Although my Christmas traditions revolved around the cable tv schedule, Bjorn, having descended from Vikings, actually has family Christmas traditions. As far as I can tell, Norwegians celebrate most of Christmas on Christmas Eve – at least the fun parts that involve food and presents. Christmas Eve dinner feature Norwegian meatballs (NOT to be confused with Swedish meatballs which have cream….oh the horror) and lefse, a thin potato pancake that is rolled up and usually slathered in butter and sugar. There are always mashed potatoes and sometimes herring salad which is actually quite good (although not if you don’t like pickled fish). Since lefse apparently requires some special equipment (lefse roller, lefse flipper, lefse skillet), we skipped the lefse and focused on the meatballs. I make a lot of meatballs, but mine are usually Italian style meatballs so there was some anxiety to be a good Norwegian wife and make some Norwegian meatballs. Norwegian meatballs contains ground beef and onion, held together with fresh breadcrumbs and milk, and then crowded in the pan where they are cooked until very very brown. The meatballs simmer and then a dark gravy is made from the pan drippings.

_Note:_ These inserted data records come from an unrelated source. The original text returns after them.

lemma four_block_mult_vec_output_injection:
  fixes F Bh K Dh H :: "'a :: field mat"
  assumes F: "F \<in> carrier_mat \<nu> \<nu>" and Bh: "Bh \<in> carrier_mat \<nu> m" and K: "K \<in> carrier_mat p \<nu>"
    and Dh: "Dh \<in> carrier_mat p m" and H: "H \<in> carrier_mat m \<nu>" and u: "u \<in> carrier_vec \<nu>"
  shows "four_block_mat (F - lam \<cdot>\<^sub>m 1\<^sub>m \<nu>) Bh K Dh *\<^sub>v (u @\<^sub>v - (H *\<^sub>v u))
    = ((F - Bh * H) *\<^sub>v u - lam \<cdot>\<^sub>v u) @\<^sub>v ((K - Dh * H) *\<^sub>v u)"
proof -
  have Hu: "H *\<^sub>v u \<in> carrier_vec m"
    using H u by simp
  have "four_block_mat (F - lam \<cdot>\<^sub>m 1\<^sub>m \<nu>) Bh K Dh *\<^sub>v (u @\<^sub>v - (H *\<^sub>v u))
      = ((F - lam \<cdot>\<^sub>m 1\<^sub>m \<nu>) *\<^sub>v u + Bh *\<^sub>v - (H *\<^sub>v u)) @\<^sub>v (K *\<^sub>v u + Dh *\<^sub>v - (H *\<^sub>v u))"
    using F Hu by (intro four_block_mat_mult_vec[OF _ Bh K Dh u]) auto
  also have "(F - lam \<cdot>\<^sub>m 1\<^sub>m \<nu>) *\<^sub>v u + Bh *\<^sub>v - (H *\<^sub>v u) = (F - Bh * H) *\<^sub>v u - lam \<cdot>\<^sub>v u"
    using F Bh H u Hu
    by (auto simp: minus_mult_distrib_mat_vec[of _ \<nu> \<nu>] intro!: eq_vecI)
  also have "K *\<^sub>v u + Dh *\<^sub>v - (H *\<^sub>v u) = (K - Dh * H) *\<^sub>v u"
    using K Dh H u Hu
    by (auto simp: minus_mult_distrib_mat_vec[of _ p \<nu>] intro!: eq_vecI)
  finally show ?thesis .
qed

lemma observable_output_injection:
  fixes F Bh K Dh H :: "complex mat"
  assumes F: "F \<in> carrier_mat \<nu> \<nu>" and Bh: "Bh \<in> carrier_mat \<nu> m" and K: "K \<in> carrier_mat p \<nu>"
    and Dh: "Dh \<in> carrier_mat p m" and H: "H \<in> carrier_mat m \<nu>"
    and rank: "\<forall>lam\<in>spectrum (F - Bh * H). full_col_rank (four_block_mat (F - lam \<cdot>\<^sub>m 1\<^sub>m \<nu>) Bh K Dh)"
  shows "observable (F - Bh * H) (K - Dh * H)"
proof (rule ccontr)
  assume "\<not> observable (F - Bh * H) (K - Dh * H)"
  moreover have "F - Bh * H \<in> carrier_mat \<nu> \<nu>" and "K - Dh * H \<in> carrier_mat p \<nu>"
    using F Bh K Dh H by auto
  ultimately obtain lam u where eig: "eigenvector (F - Bh * H) u lam"
    and ker: "(K - Dh * H) *\<^sub>v u = 0\<^sub>v p"
    using not_observable_imp_unobservable_eigenvector by blast
  have u: "u \<in> carrier_vec \<nu>" "u \<noteq> 0\<^sub>v \<nu>" and Au: "(F - Bh * H) *\<^sub>v u = lam \<cdot>\<^sub>v u"
    using eig Bh by (auto simp: eigenvector_def)
  define M where "M = four_block_mat (F - lam \<cdot>\<^sub>m 1\<^sub>m \<nu>) Bh K Dh"
  have M: "M \<in> carrier_mat (\<nu> + p) (\<nu> + m)"
    unfolding M_def by (intro four_block_carrier_mat[OF _ Dh] minus_carrier_mat smult_carrier_mat one_carrier_mat)
  have "lam \<in> spectrum (F - Bh * H)"
    using eig by (auto simp: spectrum_def eigenvalue_def)
  then have "vec_space.rank (\<nu> + p) M = \<nu> + m"
    using rank Dh by (auto simp: M_def full_col_rank_def)
  moreover have "M *\<^sub>v (u @\<^sub>v - (H *\<^sub>v u)) = 0\<^sub>v (\<nu> + p)"
    unfolding M_def four_block_mult_vec_output_injection[OF F Bh K Dh H u(1)] Au ker
    using u(1) by (simp add: append_zero_vec)
  ultimately have "u @\<^sub>v - (H *\<^sub>v u) = 0\<^sub>v \<nu> @\<^sub>v 0\<^sub>v m"
    using rank_eq_dim_col_iff_kernel_trivial[OF M] u(1) H by (simp add: append_zero_vec)
  then show False
    using u by simp
qed

theorem theorem4:
  fixes A B C D F H Bh Dh :: "complex mat" and n m p \<nu> :: nat
  assumes "A \<in> carrier_mat n n" and "B \<in> carrier_mat n m" and "C \<in> carrier_mat p n"
    and "D \<in> carrier_mat p m" and "F \<in> carrier_mat \<nu> \<nu>"
    and "spectrum A \<inter> spectrum F = {}"
    and "H \<in> carrier_mat m \<nu>" and "observable F H"
    and "Bh \<in> carrier_mat \<nu> m" and "Dh \<in> carrier_mat p m"
    and "spectrum (F - Bh * H) \<inter> spectrum F = {}"
    and "\<forall>lam\<in>spectrum (F - Bh * H).
           full_col_rank (four_block_mat (F - lam \<cdot>\<^sub>m 1\<^sub>m \<nu>) Bh (primal_ssc A B C D F H) Dh)"
  shows "observable (F - Bh * H) (primal_ssc A B C D F H - Dh * H)"
proof -
  \<comment> \<open>A matrix sum takes its dimensions from the second summand \<open>D * H\<close>, so no property
      of the Sylvester solution is needed here.\<close>
  have "primal_ssc A B C D F H \<in> carrier_mat p \<nu>"
    using assms(4,7) unfolding primal_ssc_def carrier_mat_def plus_mat_def by simp
  from observable_output_injection[OF assms(5,9) this assms(10,7,12)] show ?thesis .
qed

end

While I was fretting about overcrowding the meatballs, Yuan wrapped some prawns in pancetta.

Yuan also made some brussels sprouts cooked with hickory smoked bacon and Bjorn made some garlic mashed potatoes to complete our Christmas Eve meal.

For dessert, I made some sour cream cookies that I’ve been making forever. They are always as delicious as I remember them being…maybe a little too delicious because I promptly ate five of them in succession.


Aunt Annie’s Cookies

  • 1 cup sugar
  • 2 sticks of unsalted sweet butter
  • 3 tsp baking powder
  • 1 tsp vanilla (be generous)
  • 3 eggs
  • 3 1/4 cup flour
  • 1/2 cup sour cream (1/4 pint)
  • 1/2 cup powdered sugar
  • 1 tbsp milk

Cream butter and sugar until fluffy. Add baking powder, vanilla, eggs, flour and sour cream and mix together until blended. Drop spoonfulls of dough onto cookie sheet and bake at 375 degrees for 20 min. Make icing with powdered sugar mixed with milk and brush onto cookie when they come out of oven.

Our Christmas meal featured 3 lbs of protein, 2 lbs of potatoes and an entire stalk of brussels sprouts. We ate almost all of it, oh and half a carton of egg nog. Holidays are great because somehow it’s okay to drink an absurd amount of spiked liquified custard.